Beneath this instruction is a listing. Transcribe from it only the stretch from the line with "i > 0) \<and>" through the line with "M X = mtrace", both end lines included, exactly as written.

**DATA IN THIS EXERCISE**
#####

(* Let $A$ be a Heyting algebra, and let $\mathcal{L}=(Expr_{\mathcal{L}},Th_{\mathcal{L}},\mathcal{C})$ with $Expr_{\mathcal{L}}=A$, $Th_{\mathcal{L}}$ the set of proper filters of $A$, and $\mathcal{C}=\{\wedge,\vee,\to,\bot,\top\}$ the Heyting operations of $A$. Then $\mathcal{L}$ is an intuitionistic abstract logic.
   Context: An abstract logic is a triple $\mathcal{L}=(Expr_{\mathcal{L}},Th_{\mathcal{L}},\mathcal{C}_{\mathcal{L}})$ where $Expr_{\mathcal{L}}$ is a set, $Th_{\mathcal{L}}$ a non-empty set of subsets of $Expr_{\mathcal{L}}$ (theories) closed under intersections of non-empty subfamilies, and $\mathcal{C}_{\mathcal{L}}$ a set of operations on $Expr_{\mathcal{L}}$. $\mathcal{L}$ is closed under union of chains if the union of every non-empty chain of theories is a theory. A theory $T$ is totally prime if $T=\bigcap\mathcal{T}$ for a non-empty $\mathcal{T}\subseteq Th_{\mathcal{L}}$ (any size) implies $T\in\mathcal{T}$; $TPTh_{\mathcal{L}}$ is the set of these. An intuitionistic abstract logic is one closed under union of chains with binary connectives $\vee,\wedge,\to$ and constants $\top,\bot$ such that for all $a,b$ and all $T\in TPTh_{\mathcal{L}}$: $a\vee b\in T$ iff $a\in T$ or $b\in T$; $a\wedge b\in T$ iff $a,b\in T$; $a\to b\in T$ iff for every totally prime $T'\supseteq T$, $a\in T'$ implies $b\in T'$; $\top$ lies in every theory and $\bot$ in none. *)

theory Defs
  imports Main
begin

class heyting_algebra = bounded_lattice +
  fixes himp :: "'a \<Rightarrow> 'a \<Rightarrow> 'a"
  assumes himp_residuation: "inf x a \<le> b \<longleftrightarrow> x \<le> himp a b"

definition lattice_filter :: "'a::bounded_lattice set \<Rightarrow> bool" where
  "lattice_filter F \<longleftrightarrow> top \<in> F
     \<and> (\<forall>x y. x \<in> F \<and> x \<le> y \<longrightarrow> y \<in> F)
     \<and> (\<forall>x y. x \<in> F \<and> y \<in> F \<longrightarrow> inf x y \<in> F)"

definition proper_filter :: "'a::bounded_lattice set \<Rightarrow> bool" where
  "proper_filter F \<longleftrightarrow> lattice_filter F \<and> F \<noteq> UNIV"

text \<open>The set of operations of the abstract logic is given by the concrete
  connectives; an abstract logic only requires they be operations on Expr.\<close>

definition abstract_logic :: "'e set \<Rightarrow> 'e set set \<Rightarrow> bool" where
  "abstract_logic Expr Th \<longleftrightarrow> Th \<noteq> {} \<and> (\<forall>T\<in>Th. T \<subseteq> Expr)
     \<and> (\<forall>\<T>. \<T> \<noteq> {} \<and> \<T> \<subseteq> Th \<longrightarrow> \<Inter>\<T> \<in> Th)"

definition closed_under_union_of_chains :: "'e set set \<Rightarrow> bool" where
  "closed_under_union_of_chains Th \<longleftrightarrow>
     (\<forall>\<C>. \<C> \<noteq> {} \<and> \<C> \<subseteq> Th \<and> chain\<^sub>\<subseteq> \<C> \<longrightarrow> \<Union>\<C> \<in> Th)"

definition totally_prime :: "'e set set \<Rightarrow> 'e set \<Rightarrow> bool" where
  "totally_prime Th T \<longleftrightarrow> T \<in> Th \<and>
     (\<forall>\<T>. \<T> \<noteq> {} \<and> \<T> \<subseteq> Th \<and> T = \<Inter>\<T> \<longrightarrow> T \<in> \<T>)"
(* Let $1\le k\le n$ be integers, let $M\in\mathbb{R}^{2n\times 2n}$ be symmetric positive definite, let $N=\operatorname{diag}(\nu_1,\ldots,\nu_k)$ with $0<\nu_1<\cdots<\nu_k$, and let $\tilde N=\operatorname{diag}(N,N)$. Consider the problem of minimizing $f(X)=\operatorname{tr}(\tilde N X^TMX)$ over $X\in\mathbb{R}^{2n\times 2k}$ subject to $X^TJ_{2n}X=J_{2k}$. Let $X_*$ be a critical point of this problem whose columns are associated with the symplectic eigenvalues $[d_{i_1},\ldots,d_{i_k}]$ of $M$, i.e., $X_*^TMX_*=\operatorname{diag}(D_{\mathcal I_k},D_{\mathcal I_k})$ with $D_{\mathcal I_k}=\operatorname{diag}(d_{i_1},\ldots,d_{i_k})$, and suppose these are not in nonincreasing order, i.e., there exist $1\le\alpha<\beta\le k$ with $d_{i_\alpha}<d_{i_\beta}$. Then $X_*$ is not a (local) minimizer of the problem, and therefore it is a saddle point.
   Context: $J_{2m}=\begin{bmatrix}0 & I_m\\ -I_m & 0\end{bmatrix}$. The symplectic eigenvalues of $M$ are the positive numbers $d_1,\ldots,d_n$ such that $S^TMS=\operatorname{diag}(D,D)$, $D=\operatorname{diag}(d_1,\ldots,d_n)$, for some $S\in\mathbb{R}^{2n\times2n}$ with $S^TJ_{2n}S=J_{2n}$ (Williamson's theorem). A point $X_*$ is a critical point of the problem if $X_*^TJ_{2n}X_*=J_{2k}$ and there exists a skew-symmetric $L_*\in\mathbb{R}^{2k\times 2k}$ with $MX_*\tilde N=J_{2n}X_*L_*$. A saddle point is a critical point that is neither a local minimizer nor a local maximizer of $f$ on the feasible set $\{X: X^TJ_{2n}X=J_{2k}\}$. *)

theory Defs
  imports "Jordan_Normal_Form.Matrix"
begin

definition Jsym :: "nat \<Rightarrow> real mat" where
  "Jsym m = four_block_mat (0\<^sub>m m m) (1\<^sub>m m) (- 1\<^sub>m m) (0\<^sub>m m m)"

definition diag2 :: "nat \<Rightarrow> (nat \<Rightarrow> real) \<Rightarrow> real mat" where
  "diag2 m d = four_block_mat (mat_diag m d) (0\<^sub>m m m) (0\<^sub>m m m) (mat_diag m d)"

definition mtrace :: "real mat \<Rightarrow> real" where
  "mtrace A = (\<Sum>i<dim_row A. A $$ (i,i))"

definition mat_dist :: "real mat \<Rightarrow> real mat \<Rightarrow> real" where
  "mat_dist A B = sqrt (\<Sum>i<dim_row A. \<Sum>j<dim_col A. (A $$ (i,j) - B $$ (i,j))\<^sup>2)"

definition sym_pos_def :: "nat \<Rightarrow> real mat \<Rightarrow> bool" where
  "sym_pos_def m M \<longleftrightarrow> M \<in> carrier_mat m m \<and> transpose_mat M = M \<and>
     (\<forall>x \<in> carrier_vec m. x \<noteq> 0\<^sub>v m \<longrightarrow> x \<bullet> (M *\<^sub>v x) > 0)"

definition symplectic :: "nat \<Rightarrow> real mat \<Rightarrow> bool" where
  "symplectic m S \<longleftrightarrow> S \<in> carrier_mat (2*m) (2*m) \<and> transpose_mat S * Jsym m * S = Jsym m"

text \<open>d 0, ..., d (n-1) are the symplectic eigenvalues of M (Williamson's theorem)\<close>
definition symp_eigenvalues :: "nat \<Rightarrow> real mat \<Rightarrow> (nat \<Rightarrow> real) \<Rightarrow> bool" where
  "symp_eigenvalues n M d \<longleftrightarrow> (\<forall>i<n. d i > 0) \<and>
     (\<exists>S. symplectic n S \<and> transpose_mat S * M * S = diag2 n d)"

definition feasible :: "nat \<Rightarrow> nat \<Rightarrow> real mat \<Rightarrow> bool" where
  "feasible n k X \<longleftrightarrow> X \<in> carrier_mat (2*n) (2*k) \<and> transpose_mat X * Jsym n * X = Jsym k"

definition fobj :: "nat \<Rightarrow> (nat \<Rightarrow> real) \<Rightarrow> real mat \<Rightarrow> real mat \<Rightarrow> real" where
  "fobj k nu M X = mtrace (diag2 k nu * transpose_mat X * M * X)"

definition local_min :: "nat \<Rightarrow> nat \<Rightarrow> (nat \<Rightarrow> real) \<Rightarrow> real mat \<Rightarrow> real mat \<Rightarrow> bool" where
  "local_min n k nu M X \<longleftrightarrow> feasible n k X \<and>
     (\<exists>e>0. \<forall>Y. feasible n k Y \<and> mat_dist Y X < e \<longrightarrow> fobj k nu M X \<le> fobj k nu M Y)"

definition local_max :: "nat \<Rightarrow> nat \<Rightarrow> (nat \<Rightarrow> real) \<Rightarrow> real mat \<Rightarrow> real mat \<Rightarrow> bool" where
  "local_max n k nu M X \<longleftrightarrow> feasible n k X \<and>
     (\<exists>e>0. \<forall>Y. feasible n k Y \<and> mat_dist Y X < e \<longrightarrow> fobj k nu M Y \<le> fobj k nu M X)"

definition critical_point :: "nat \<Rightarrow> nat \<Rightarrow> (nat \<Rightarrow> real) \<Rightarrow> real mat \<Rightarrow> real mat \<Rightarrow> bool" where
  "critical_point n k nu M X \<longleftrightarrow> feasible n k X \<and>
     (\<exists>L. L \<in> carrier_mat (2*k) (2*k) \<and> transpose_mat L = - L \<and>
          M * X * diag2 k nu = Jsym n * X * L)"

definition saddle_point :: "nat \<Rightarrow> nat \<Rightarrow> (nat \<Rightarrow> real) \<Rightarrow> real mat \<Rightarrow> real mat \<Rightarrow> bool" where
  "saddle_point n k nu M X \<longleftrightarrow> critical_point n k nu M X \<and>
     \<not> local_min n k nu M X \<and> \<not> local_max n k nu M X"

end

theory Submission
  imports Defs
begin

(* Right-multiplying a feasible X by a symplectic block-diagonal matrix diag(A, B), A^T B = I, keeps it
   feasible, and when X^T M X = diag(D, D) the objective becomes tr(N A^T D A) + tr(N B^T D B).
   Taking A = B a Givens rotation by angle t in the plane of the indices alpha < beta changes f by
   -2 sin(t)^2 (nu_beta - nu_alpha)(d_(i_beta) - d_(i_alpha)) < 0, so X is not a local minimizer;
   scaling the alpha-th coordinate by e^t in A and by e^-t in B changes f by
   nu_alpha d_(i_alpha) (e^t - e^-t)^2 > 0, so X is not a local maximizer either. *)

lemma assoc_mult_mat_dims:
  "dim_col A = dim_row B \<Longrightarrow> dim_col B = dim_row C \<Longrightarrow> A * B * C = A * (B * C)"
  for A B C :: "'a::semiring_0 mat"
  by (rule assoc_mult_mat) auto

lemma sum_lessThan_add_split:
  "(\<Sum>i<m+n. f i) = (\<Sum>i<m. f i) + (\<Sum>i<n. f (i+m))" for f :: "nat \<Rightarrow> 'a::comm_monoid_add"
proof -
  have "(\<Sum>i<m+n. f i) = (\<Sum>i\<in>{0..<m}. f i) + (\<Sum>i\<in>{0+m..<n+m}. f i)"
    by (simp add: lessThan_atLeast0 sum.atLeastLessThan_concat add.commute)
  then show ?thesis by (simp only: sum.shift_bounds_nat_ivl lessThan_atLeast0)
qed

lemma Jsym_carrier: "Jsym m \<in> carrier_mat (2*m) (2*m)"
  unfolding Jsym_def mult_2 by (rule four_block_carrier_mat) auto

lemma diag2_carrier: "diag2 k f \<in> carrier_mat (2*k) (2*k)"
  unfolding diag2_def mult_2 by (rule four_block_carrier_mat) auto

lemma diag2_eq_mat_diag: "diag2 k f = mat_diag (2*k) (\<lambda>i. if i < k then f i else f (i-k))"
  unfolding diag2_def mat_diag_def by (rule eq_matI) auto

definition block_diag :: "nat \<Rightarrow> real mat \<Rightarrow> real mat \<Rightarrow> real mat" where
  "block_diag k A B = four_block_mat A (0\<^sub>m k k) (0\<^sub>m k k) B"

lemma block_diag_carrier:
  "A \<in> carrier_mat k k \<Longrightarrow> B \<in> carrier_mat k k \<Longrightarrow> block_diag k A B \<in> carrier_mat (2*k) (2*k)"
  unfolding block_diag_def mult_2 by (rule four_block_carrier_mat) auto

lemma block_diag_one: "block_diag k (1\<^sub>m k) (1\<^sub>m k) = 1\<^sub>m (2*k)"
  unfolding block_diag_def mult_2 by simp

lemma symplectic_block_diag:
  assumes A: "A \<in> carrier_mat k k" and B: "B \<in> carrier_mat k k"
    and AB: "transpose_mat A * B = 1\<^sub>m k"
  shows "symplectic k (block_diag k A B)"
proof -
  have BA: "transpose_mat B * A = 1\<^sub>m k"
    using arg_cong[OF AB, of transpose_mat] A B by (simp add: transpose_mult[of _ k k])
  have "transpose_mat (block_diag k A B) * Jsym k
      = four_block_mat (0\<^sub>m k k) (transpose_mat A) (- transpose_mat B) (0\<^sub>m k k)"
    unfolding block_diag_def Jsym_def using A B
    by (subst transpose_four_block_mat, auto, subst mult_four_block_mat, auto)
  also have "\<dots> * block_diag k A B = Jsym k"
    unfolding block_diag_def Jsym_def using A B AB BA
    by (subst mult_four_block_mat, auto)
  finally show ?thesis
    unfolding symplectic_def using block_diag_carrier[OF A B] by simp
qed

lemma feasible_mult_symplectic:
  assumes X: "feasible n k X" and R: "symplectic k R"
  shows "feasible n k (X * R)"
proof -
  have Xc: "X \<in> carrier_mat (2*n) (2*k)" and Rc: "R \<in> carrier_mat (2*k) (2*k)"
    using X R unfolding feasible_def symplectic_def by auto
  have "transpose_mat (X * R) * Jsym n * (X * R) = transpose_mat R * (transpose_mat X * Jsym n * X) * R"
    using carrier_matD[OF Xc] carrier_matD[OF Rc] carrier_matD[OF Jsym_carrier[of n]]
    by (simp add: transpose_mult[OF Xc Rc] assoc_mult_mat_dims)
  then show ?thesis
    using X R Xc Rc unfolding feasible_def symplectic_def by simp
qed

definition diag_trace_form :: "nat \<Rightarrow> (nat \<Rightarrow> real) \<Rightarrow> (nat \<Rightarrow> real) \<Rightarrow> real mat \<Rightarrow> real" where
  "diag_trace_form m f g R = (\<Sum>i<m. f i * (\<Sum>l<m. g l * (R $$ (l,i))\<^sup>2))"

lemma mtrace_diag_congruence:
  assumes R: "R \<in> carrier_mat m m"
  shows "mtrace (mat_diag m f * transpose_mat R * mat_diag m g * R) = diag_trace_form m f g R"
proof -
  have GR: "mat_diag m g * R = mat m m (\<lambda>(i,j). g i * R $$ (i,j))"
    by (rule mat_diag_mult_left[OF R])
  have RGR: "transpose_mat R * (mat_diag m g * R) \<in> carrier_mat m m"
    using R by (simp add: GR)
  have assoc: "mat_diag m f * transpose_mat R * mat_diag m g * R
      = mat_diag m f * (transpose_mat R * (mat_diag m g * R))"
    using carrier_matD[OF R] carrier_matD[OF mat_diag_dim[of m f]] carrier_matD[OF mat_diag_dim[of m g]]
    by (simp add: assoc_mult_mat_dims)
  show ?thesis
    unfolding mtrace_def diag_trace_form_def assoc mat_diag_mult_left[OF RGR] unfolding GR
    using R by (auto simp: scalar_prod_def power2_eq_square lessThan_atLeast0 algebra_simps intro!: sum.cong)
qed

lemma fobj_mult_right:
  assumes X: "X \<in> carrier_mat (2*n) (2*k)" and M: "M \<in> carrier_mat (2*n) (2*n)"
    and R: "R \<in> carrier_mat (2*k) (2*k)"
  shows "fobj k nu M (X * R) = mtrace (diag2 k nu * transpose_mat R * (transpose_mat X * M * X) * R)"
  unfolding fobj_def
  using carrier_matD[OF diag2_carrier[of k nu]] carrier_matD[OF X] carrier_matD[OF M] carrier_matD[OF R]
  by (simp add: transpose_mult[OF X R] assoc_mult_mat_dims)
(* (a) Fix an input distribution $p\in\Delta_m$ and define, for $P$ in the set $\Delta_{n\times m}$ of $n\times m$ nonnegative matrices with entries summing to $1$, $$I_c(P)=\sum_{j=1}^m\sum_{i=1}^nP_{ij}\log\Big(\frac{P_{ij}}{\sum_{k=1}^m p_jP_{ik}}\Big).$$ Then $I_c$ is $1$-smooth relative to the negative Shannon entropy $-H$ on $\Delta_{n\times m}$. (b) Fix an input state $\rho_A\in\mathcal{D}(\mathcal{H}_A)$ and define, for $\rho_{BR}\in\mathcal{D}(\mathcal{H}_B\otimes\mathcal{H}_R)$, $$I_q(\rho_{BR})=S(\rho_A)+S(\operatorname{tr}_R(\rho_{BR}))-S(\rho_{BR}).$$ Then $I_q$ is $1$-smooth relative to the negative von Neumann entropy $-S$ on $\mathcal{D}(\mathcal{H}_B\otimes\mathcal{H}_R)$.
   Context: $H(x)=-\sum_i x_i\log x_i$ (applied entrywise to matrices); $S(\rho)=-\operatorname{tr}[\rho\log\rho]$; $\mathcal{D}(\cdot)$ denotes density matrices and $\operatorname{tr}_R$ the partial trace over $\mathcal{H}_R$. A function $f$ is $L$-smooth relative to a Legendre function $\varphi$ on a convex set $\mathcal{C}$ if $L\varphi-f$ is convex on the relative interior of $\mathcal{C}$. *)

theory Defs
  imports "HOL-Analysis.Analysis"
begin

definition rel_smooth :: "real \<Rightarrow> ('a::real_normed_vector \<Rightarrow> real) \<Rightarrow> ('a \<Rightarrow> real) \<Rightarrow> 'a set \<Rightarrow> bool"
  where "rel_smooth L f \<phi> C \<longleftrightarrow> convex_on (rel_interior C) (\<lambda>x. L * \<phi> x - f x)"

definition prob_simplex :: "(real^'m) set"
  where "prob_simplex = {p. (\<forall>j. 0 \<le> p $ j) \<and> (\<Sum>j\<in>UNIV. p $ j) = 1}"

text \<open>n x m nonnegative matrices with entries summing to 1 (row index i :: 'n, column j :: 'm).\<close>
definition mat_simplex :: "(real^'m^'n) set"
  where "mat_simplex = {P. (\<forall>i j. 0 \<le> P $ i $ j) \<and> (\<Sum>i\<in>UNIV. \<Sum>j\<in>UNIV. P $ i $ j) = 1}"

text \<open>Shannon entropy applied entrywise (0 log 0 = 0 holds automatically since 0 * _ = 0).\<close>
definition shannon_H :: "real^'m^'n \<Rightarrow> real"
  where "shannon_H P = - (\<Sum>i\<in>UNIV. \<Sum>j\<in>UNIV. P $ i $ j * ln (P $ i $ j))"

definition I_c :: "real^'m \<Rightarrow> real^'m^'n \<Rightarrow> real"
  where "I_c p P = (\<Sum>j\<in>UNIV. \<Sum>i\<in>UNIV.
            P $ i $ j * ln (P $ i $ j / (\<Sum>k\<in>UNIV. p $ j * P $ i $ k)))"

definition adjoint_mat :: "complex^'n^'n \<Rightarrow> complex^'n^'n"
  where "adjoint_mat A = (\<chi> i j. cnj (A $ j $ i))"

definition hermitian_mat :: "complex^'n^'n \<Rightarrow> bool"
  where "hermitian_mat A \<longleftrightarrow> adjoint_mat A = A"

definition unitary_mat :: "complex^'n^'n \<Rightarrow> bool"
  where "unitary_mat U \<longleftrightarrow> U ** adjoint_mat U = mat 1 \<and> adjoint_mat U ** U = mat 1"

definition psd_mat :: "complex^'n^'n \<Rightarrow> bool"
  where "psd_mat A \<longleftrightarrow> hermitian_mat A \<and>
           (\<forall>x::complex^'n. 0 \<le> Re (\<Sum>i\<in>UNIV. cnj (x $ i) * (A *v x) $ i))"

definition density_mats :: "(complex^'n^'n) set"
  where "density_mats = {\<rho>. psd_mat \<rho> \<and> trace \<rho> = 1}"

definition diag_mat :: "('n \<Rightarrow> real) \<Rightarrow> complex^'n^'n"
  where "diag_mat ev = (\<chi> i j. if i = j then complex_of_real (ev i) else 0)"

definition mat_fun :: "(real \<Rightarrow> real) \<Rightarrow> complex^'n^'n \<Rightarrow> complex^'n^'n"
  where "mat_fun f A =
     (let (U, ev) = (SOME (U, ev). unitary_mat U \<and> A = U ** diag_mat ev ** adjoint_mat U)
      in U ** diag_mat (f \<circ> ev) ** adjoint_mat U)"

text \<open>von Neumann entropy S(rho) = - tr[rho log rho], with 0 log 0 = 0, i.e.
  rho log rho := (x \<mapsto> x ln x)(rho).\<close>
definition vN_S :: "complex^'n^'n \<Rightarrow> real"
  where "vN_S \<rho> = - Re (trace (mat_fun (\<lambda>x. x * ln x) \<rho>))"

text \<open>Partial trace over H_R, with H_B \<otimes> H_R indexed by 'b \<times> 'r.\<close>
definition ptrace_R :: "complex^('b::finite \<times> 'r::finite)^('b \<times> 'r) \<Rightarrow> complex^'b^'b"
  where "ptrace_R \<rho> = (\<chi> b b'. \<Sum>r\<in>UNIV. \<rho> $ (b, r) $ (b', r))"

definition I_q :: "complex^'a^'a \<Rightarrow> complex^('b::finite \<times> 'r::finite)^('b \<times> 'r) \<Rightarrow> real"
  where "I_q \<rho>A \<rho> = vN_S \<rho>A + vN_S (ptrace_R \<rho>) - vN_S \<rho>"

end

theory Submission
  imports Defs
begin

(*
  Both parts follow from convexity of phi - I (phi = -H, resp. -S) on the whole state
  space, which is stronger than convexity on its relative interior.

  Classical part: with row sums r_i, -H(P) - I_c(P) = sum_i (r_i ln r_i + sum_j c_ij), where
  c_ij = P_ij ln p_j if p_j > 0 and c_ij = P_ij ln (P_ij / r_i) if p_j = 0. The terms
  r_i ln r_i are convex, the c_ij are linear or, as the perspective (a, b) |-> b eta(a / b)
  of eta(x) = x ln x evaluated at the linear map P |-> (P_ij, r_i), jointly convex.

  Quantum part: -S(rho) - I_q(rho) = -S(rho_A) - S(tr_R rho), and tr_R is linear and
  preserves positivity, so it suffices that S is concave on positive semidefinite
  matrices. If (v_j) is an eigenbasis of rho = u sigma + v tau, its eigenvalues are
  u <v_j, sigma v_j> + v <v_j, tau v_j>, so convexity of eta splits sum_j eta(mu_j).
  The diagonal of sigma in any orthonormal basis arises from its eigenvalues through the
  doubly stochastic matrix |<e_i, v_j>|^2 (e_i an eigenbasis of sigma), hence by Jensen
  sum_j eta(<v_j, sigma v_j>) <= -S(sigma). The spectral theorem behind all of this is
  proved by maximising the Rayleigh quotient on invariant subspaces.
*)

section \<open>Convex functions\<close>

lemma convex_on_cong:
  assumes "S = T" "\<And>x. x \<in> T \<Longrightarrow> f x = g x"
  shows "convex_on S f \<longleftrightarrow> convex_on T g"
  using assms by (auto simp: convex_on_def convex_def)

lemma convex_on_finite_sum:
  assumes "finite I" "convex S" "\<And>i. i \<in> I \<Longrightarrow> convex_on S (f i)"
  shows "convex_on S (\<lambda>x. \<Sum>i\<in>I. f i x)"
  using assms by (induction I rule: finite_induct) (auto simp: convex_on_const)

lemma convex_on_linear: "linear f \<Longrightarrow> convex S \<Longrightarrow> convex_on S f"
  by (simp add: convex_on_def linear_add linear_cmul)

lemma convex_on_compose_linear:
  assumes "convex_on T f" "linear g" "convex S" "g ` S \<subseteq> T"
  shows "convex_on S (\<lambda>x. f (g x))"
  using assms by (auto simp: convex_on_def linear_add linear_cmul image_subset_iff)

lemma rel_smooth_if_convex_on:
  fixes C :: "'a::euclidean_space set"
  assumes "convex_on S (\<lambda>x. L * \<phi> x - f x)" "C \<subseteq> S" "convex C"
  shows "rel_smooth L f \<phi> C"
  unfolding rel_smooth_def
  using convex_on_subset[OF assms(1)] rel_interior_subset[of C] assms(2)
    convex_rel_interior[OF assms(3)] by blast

#####

**RESULT FOR THIS TASK**
  "symp_eigenvalues n M d \<longleftrightarrow> (\<forall>i<n. d i > 0) \<and>
     (\<exists>S. symplectic n S \<and> transpose_mat S * M * S = diag2 n d)"

definition feasible :: "nat \<Rightarrow> nat \<Rightarrow> real mat \<Rightarrow> bool" where
  "feasible n k X \<longleftrightarrow> X \<in> carrier_mat (2*n) (2*k) \<and> transpose_mat X * Jsym n * X = Jsym k"

definition fobj :: "nat \<Rightarrow> (nat \<Rightarrow> real) \<Rightarrow> real mat \<Rightarrow> real mat \<Rightarrow> real" where
  "fobj k nu M X = mtrace (diag2 k nu * transpose_mat X * M * X)"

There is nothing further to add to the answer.